Overall, of course, this book was good enough for me to see through to completion, but I would've liked it twice as much at half the length (and possibly four times as much at one-fourth the length). At its present 326 pages,
TN
has a lot of sameishness that waters down its impact.
The book's basic structure is this, over and over - Salzman shows up at the facility and exchanges a few words with at least one authority figure; he recreates the everyday dialogue he overhears from the kids, and his interactions with them; Salzman has some sort of worry or misgiving that things will go awry, and everyone will lose respect for him, or they'll discontinue the writing class; he suggests a topic for the kids who are having trouble; some of them write, some disrupt the class; they read their essays aloud, which he usually reprints in full (Free material! #chaching!), and which vary wildly in quality; there are remarks about the essays, almost always encouraging ones.

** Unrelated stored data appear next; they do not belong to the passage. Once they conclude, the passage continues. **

lemma homogeneous_polynomial_euler:
  assumes "homogeneous_polynomial m \<phi>"
  shows "y \<bullet> grad \<phi> y = real m * \<phi> y"
proof -
  have "((\<lambda>c::real. c *\<^sub>R y) has_derivative (\<lambda>c. c *\<^sub>R y)) (at 1)"
    by (auto intro!: derivative_eq_intros)
  then have "((\<lambda>c. \<phi> (c *\<^sub>R y)) has_derivative (\<lambda>c. grad \<phi> y \<bullet> (c *\<^sub>R y))) (at 1)"
    using has_derivative_compose[OF _ has_derivative_grad] homogeneous_polynomial_differentiable(1)[OF assms]
    by fastforce
  then have "((\<lambda>c. \<phi> (c *\<^sub>R y)) has_real_derivative y \<bullet> grad \<phi> y) (at 1)"
    by (rule has_derivative_imp_has_field_derivative) (simp add: inner_commute)
  moreover have "((\<lambda>c. \<phi> (c *\<^sub>R y)) has_real_derivative real m * \<phi> y) (at 1)"
    unfolding homogeneous_polynomial_scaleR[OF assms] by (auto intro!: derivative_eq_intros)
  ultimately show ?thesis by (rule DERIV_unique)
qed

section \<open>Powers of the norm\<close>

lemma has_real_derivative_power_div:
  fixes r :: real
  assumes "r > 0"
  shows "((\<lambda>r. r ^ m) has_real_derivative real m * r ^ m / r) (at r)"
proof -
  have "real m * r ^ (m - 1) = real m * r ^ m / r"
    using assms by (cases m) simp_all
  then show ?thesis using DERIV_pow[of m r] by simp
qed

lemma has_real_derivative_power_div_square:
  fixes r :: real
  assumes "r > 0"
  shows "((\<lambda>r. r ^ m / r\<^sup>2) has_real_derivative (real m - 2) * r ^ m / r ^ 3) (at r)"
proof -
  have "((\<lambda>r. r\<^sup>2) has_real_derivative 2 * r) (at r)" using DERIV_pow[of 2 r] by simp
  from DERIV_divide[OF has_real_derivative_power_div[OF assms] this]
  have "((\<lambda>r. r ^ m / r\<^sup>2) has_real_derivative
      ((real m * r ^ m / r) * r\<^sup>2 - r ^ m * (2 * r)) / (r\<^sup>2 * r\<^sup>2)) (at r)"
    using assms by simp
  moreover have "((real m * r ^ m / r) * r\<^sup>2 - r ^ m * (2 * r)) / (r\<^sup>2 * r\<^sup>2) = (real m - 2) * r ^ m / r ^ 3"
    using assms by (simp add: field_simps power2_eq_square power3_eq_cube)
  ultimately show ?thesis by simp
qed

lemma grad_norm_power:
  fixes y :: "real^'n"
  assumes "y \<noteq> 0"
  shows "(\<lambda>y. norm y ^ m) differentiable (at y)"
    and "grad (\<lambda>y. norm y ^ m) y = (real m * norm y ^ m / (norm y)\<^sup>2) *\<^sub>R y"
proof -
  have "norm y > 0" using assms by simp
  note radial = grad_radial[OF assms has_real_derivative_power_div[OF this, of m]]
  show "(\<lambda>y. norm y ^ m) differentiable (at y)" by (rule radial(1))
  show "grad (\<lambda>y. norm y ^ m) y = (real m * norm y ^ m / (norm y)\<^sup>2) *\<^sub>R y"
    by (simp add: radial(2) power2_eq_square)
qed

lemma partial_nth_self: "partial i (\<lambda>y :: real^'n. y $ i) y = 1"
proof -
  have "((\<lambda>y :: real^'n. y $ i) has_derivative (\<lambda>y. y $ i)) (at y)"
    by (rule bounded_linear_imp_has_derivative[OF bounded_linear_vec_nth])
  from partial_eq_frechet[OF this] show ?thesis by simp
qed

lemma partial_norm_power:
  fixes y :: "real^'n"
  assumes "y \<noteq> 0"
  shows "partial i (\<lambda>y. norm y ^ m) y = real m * (norm y ^ m / (norm y)\<^sup>2 * y $ i)"
  using assms by (simp add: partial_eq_grad_nth grad_norm_power)

lemma second_partial_norm_power:
  fixes y :: "real^'n"
  assumes "y \<noteq> 0"
  shows "partial i (\<lambda>y. norm y ^ m) differentiable (at y)"
    and "partial i (partial i (\<lambda>y. norm y ^ m)) y
           = real m * (norm y ^ m / (norm y)\<^sup>2
                       + (real m - 2) * (norm y ^ m / (norm y)\<^sup>2) / (norm y)\<^sup>2 * (y $ i)\<^sup>2)"
proof -
  have "norm y > 0" using assms by simp
  note radial = grad_radial[OF assms has_real_derivative_power_div_square[OF this, of m]]
  have nth: "(\<lambda>y :: real^'n. y $ i) differentiable (at y)"
    by (rule bounded_linear_imp_differentiable[OF bounded_linear_vec_nth])
  have eq: "partial i (\<lambda>y. norm y ^ m) x = real m * (norm x ^ m / (norm x)\<^sup>2 * x $ i)" if "x \<in> - {0}" for x
    using partial_norm_power that by simp
  have "((\<lambda>x. real m * (norm x ^ m / (norm x)\<^sup>2 * x $ i)) has_derivative
      (\<lambda>v. grad (\<lambda>x. real m * (norm x ^ m / (norm x)\<^sup>2 * x $ i)) y \<bullet> v)) (at y)"
    by (intro has_derivative_grad differentiable_mult differentiable_const radial(1) nth)
  from has_derivative_transform_within_open[OF this open_Compl[OF closed_singleton] _ eq[symmetric]]
  show "partial i (\<lambda>y. norm y ^ m) differentiable (at y)"
    using assms unfolding differentiable_def by blast
  have "partial i (partial i (\<lambda>y. norm y ^ m)) y
      = partial i (\<lambda>x. real m * (norm x ^ m / (norm x)\<^sup>2 * x $ i)) y"
    by (rule partial_cong[OF open_Compl[OF closed_singleton] _ eq]) (use assms in simp)
  also have "\<dots> = real m * partial i (\<lambda>x. norm x ^ m / (norm x)\<^sup>2 * x $ i) y"
    using partial_mult[OF differentiable_const differentiable_mult[OF radial(1) nth], of i "real m"]
    by (simp add: partial_eq_frechet[OF has_derivative_const])
  also have "\<dots> = real m * (norm y ^ m / (norm y)\<^sup>2
      + (real m - 2) * (norm y ^ m / (norm y)\<^sup>2) / (norm y)\<^sup>2 * (y $ i)\<^sup>2)"
    unfolding partial_mult[OF radial(1) nth] partial_eq_grad_nth[of i "\<lambda>z. norm z ^ m / (norm z)\<^sup>2"] radial(2)
    using \<open>norm y > 0\<close> by (simp add: partial_nth_self field_simps power2_eq_square power3_eq_cube)
  finally show "partial i (partial i (\<lambda>y. norm y ^ m)) y
      = real m * (norm y ^ m / (norm y)\<^sup>2
                  + (real m - 2) * (norm y ^ m / (norm y)\<^sup>2) / (norm y)\<^sup>2 * (y $ i)\<^sup>2)" .
qed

The most notable breaks from the formula are Salzman's initial debate whether or not to get involved in the program, the all-day writing workshop that includes girls(!), and one student's trial and sentencing hearing that Salzman attends. There are four or five kids who stand out in the story, while the rest are interchangeable - the class itself is a revolving door, with kids constantly coming and going.
Two of the authority figures are my favorite characters in the book, by the way. There's Sister Janet, the turbo-volunteer and living saint, and there's Mr. Sills, the head disciplinarian on the E/F unit where the book is set.
The whole book, though, has this overarching feel of the narrator being like, "Look at me, I'm recreating the way ghetto kids talk. Doesn't it seem authentic? I didn't even use a tape recorder or anything!" And then he's like, "Look at me, I'm white and nerdy. Holy cow, I'm just too white and nerdy. I'm so white and nerdy."